Exercise directions
For the string "auto", search the entries below and copy every line where it appears.

*** Records shown Section Begins ***

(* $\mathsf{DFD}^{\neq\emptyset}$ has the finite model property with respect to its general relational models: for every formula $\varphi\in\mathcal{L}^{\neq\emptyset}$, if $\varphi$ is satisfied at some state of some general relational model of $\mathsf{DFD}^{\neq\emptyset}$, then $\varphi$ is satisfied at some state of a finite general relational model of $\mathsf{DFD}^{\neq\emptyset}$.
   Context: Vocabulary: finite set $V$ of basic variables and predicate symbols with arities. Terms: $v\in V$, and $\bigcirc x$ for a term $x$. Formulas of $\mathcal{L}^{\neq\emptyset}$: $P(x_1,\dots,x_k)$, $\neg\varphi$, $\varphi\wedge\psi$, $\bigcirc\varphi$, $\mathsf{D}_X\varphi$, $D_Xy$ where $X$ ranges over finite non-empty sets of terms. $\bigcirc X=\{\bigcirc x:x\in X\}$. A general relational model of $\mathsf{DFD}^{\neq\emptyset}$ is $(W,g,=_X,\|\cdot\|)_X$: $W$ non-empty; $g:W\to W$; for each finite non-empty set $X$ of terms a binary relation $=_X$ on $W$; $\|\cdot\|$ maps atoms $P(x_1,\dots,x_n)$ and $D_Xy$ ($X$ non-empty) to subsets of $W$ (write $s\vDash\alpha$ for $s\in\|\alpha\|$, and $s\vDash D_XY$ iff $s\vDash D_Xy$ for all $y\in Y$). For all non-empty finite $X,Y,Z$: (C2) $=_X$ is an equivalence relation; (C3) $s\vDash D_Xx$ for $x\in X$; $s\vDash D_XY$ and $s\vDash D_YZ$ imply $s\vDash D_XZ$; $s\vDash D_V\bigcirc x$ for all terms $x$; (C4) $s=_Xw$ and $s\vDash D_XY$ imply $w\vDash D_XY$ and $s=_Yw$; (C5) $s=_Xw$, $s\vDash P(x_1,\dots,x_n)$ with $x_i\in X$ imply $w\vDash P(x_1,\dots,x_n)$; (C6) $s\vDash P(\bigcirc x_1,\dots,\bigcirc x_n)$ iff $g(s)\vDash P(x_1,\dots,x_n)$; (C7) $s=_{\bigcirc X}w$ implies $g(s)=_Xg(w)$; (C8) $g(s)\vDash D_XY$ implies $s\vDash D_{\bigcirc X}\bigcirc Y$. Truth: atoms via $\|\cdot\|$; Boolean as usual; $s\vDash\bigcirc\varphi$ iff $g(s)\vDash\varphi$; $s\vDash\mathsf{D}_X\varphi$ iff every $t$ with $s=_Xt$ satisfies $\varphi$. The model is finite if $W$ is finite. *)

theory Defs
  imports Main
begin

*** Records shown Section Ends ***
*** Records shown Section Begins ***

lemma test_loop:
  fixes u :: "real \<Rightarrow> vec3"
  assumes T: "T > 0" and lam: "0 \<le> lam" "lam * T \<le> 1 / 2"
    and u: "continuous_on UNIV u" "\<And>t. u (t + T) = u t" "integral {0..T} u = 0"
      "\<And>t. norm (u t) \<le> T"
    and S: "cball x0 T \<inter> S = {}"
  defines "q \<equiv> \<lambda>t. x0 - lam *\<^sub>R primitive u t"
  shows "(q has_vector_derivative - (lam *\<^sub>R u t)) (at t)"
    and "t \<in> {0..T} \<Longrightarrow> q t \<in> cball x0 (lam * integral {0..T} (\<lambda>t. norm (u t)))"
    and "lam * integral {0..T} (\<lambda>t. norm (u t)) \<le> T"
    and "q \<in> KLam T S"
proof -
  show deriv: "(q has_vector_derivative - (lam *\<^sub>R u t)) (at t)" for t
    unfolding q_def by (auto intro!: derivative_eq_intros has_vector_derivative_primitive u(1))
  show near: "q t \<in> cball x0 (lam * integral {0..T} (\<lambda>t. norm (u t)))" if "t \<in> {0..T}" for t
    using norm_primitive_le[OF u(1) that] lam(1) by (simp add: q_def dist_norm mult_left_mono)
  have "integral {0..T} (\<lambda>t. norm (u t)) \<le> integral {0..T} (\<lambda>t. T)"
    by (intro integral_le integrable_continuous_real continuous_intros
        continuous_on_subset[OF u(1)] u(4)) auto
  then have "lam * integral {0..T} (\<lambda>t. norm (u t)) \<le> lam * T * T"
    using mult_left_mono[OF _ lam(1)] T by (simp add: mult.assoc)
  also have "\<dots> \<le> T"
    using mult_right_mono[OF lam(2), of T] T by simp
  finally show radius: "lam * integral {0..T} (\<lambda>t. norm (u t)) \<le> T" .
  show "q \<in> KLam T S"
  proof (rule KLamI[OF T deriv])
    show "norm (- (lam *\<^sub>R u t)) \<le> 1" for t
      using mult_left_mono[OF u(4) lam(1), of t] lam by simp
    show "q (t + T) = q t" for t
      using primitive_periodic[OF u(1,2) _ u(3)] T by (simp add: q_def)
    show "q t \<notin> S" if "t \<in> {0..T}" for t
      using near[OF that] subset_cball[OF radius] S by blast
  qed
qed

*** Records shown Section Ends ***

Solved exercise
    unfolding q_def by (auto intro!: derivative_eq_intros has_vector_derivative_primitive u(1))
        continuous_on_subset[OF u(1)] u(4)) auto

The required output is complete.